SR OS can combine a blackhole MAC address concept and the EVPN MAC duplication procedures to provide loop protection in EVPN networks. The feature is compliant with the MAC mobility and multi-homing functionality in RFC 7432. The config>service>vpls>bgp-evpn>mac-duplication>black-hole-dup-mac command enables the feature.

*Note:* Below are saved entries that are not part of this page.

lemma restricts_to_unit_if_restriction_map_eq_unit_cube:
  fixes A :: "real^'i::finite^'r::finite" and B :: "real^'j::finite^'r" and C :: "real^'k::finite^'r"
  assumes "restriction_map A B C T = unit_cube"
  shows "restricts_to_unit T CARD('r)"
proof -
  obtain h where h: "bij_betw h {..<CARD('r)} (UNIV :: 'r set)"
    using ex_bij_betw_nat_finite[of "UNIV :: 'r set"] by (auto simp: atLeast0LessThan)
  have "unit_restriction T CARD('r) (\<lambda>a. A $ h a) (\<lambda>b. B $ h b) (\<lambda>c. C $ h c)"
    unfolding unit_restriction_def
  proof (intro allI impI)
    fix a b c assume abc: "a < CARD('r)" "b < CARD('r)" "c < CARD('r)"
    have "contract12 T (A $ h a) (B $ h b) \<bullet> C $ h c = restriction_map A B C T $ h a $ h b $ h c"
      by (simp add: contract12_inner restriction_map_def)
    also have "\<dots> = (if a = b \<and> b = c then 1 else 0)"
      using abc bij_betw_imp_inj_on[OF h] by (simp add: assms unit_cube_def inj_on_eq_iff)
    finally show "contract12 T (A $ h a) (B $ h b) \<bullet> C $ h c = (if a = b \<and> b = c then 1 else 0)" .
  qed
  then show ?thesis by (auto simp: restricts_to_unit_iff)
qed

lemma linear_restriction_map: "linear (restriction_map A B C)"
  by (rule linearI) (simp_all add: restriction_map_def vec_eq_iff sum.distrib sum_distrib_left algebra_simps)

If enabled, there are no apparent changes in the MAC duplication; however, if a duplicated MAC is detected (for example, M1), then the router performs the following:
adds M1 to the duplicate MAC list
programs M1 in the FDB as a ‟Protected” MAC associated with a blackhole endpoint (where ‟type” is set to EvpnD:P and Source-Identifier is black-hole)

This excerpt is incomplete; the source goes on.